The deal deepens Snowflake's relationship with Anthropic, as the company has already processed trillions of Claude tokens on its platform.

\\"Enterprises have spent years building secure, trusted data environments, and now they want AI that can work within those environments without compromise,\\" Anthropic CEO and co-founder Dario Amodei said in a statement. \\"This partnership brings Claude directly into Snowflake, where that data already lives. It's a meaningful step toward making frontier AI genuinely useful for businesses.\\"

Reuters reports:

Japan's Nikkei 225 (^N225) index climbed 1.7% to 50,705.76 on expectations that the U.S. Federal Reserve will cut its main interest rate next week, even while traders speculate over whether the Bank of Japan will raise interest rates this month.

Technology and telecoms giant SoftBank Group Corp.'s shares jumped 8.8%.

The government's 10-year bond yield also rose above 1.9%, it's highest since 2007.

Hong Kong's Hang Seng index (^HSI) reversed early trading losses, adding 0.2% to 25,816.50, led by gains for tech and consumer stocks.
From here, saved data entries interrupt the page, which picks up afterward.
lemma lam_spec:
  "fst (lam n1 n2 n3 t) * \<delta>\<^sub>1 + snd (lam n1 n2 n3 t) * \<delta>\<^sub>3 = t \<and>
    0 < snd (lam n1 n2 n3 t) \<and> snd (lam n1 n2 n3 t) \<le> \<delta>\<^sub>1"
proof -
  have "(\<lambda>(a, b). a * \<delta>\<^sub>1 + b * \<delta>\<^sub>3 = t \<and> 0 < b \<and> b \<le> \<delta>\<^sub>1) (lam n1 n2 n3 t)"
    unfolding lam_def by (rule theI'[OF ex1_bezout_couple_snd[OF delta1_pos coprime]])
  then show ?thesis
    by (simp add: case_prod_beta)
qed

lemma mu_spec:
  "fst (mu n1 n2 n3 t) * \<delta>\<^sub>1 + snd (mu n1 n2 n3 t) * \<delta>\<^sub>3 = t \<and>
    0 < fst (mu n1 n2 n3 t) \<and> fst (mu n1 n2 n3 t) \<le> \<delta>\<^sub>3"
proof -
  have "(\<lambda>(a, b). a * \<delta>\<^sub>1 + b * \<delta>\<^sub>3 = t \<and> 0 < a \<and> a \<le> \<delta>\<^sub>3) (mu n1 n2 n3 t)"
    unfolding mu_def by (rule theI'[OF ex1_bezout_couple_fst[OF delta3_pos coprime]])
  then show ?thesis
    by (simp add: case_prod_beta)
qed

lemma tau_lam_signs:
  assumes "tau n1 n2 n3 (lam n1 n2 n3 t) = (p1, p2, p3)" "1 \<le> t" "t \<le> max \<delta>\<^sub>1 \<delta>\<^sub>3"
  shows "0 \<le> p2" "p3 \<le> 0"
proof -
  obtain a b where ab: "lam n1 n2 n3 t = (a, b)"
    by (cases "lam n1 n2 n3 t")
  then have t: "a * \<delta>\<^sub>1 + b * \<delta>\<^sub>3 = t" "0 < b"
    using lam_spec[of t] by simp_all
  then have "a \<le> 0"
    using bezout_coeff_nonpos[OF delta1_pos delta3_pos] assms(3) by simp
  have ratio: "(- a) * \<delta>\<^sub>1 \<le> b * \<delta>\<^sub>3"
    using t assms(2) by simp
  have "(- a) * r\<^sub>1\<^sub>3 \<le> b * c\<^sub>3"
    by (rule cross_mult_le_trans[OF delta1_pos _ _ ratio delta3_r13_le]) (use \<open>0 < b\<close> in simp_all)
  moreover have "0 \<le> (- a) * r\<^sub>1\<^sub>2" "0 \<le> b * r\<^sub>3\<^sub>2"
    using \<open>a \<le> 0\<close> \<open>0 < b\<close> by (simp_all add: mult_nonpos_nonneg)
  ultimately show "0 \<le> p2" "p3 \<le> 0"
    using assms(1) unfolding ab tau_Pair by simp_all
qed

lemma tau_mu_signs:
  assumes "tau n1 n2 n3 (mu n1 n2 n3 t) = (p1, p2, p3)" "1 \<le> t" "t \<le> max \<delta>\<^sub>1 \<delta>\<^sub>3"
  shows "0 \<le> p1" "p2 \<le> 0"
proof -
  obtain a b where ab: "mu n1 n2 n3 t = (a, b)"
    by (cases "mu n1 n2 n3 t")
  then have t: "b * \<delta>\<^sub>3 + a * \<delta>\<^sub>1 = t" "0 < a"
    using mu_spec[of t] by (simp_all add: add.commute)
  then have "b \<le> 0"
    using bezout_coeff_nonpos[OF delta3_pos delta1_pos] assms(3) by (simp add: max.commute)
  have ratio: "(- b) * \<delta>\<^sub>3 \<le> a * \<delta>\<^sub>1"
    using t assms(2) by simp
  have "(- b) * r\<^sub>3\<^sub>1 \<le> a * c\<^sub>1"
    by (rule cross_mult_le_trans[OF delta3_pos _ _ ratio delta1_r31_le]) (use \<open>0 < a\<close> in simp_all)
  moreover have "0 \<le> (- b) * r\<^sub>3\<^sub>2" "0 \<le> a * r\<^sub>1\<^sub>2"
    using \<open>b \<le> 0\<close> \<open>0 < a\<close> by (simp_all add: mult_nonpos_nonneg)
  ultimately show "0 \<le> p1" "p2 \<le> 0"
    using assms(1) unfolding ab tau_Pair by simp_all
qed

lemma tau_couples_sign_compatible:
  assumes "x \<in> {lam n1 n2 n3, mu n1 n2 n3}" "j \<in> {1..max \<delta>\<^sub>1 \<delta>\<^sub>3}" "k \<in> {1..max \<delta>\<^sub>1 \<delta>\<^sub>3}"
    and tau_j: "tau n1 n2 n3 (x j) = (p1, p2, p3)" and tau_k: "tau n1 n2 n3 (x k) = (q1, q2, q3)"
  shows "sign_compatible p1 q1 \<and> sign_compatible p2 q2 \<or> sign_compatible p1 q1 \<and> sign_compatible p3 q3
    \<or> sign_compatible p2 q2 \<and> sign_compatible p3 q3"
proof -
  from assms(1) consider "x = lam n1 n2 n3" | "x = mu n1 n2 n3"
    by blast
  then show ?thesis
  proof cases
    case 1
    then have "0 \<le> p2" "p3 \<le> 0" "0 \<le> q2" "q3 \<le> 0"
      using tau_lam_signs[OF tau_j[unfolded 1]] tau_lam_signs[OF tau_k[unfolded 1]] assms(2,3) by auto
    then show ?thesis
      unfolding sign_compatible_def by simp
  next
    case 2
    then have "0 \<le> p1" "p2 \<le> 0" "0 \<le> q1" "q2 \<le> 0"
      using tau_mu_signs[OF tau_j[unfolded 2]] tau_mu_signs[OF tau_k[unfolded 2]] assms(2,3) by auto
    then show ?thesis
      unfolding sign_compatible_def by simp
  qed
qed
The Shanghai Composite index edged less than 0.1% higher, to 3,879.52.

South Korea's Kospi (^KS11) index fell 0.7% to 4,008.22, with weakness in tech and automotive stocks weighing on the benchmark.

Australia's S&P/ASX 200 (^AXJO) index recovered from a slump earlier in the day, adding less than 0.1% to 8,603.20.

Taiwan's Taiex index fell nearly 0.3%.

Read more here.

Bloomberg reports:

Oil held a gain as investors weighed the outlook for a ceasefire in Ukraine and the fallout from tensions between the US and Venezuela.

Brent (BZ=F) traded below $63 a barrel after climbing 0.4% on Wednesday, while West Texas Intermediate (CL=F) was near $59. US President Donald Trump said a meeting between his envoy and President Vladimir Putin was “reasonably good” but acknowledged the outcome for a peace deal was uncertain.

Separately, Trump reiterated the US will start striking drug cartels on land in Venezuela very soon. American forces have been massing in the region, with the situation adding some risk premium to oil prices, partially offsetting concerns around a surplus that’s expected to swell to a record next year.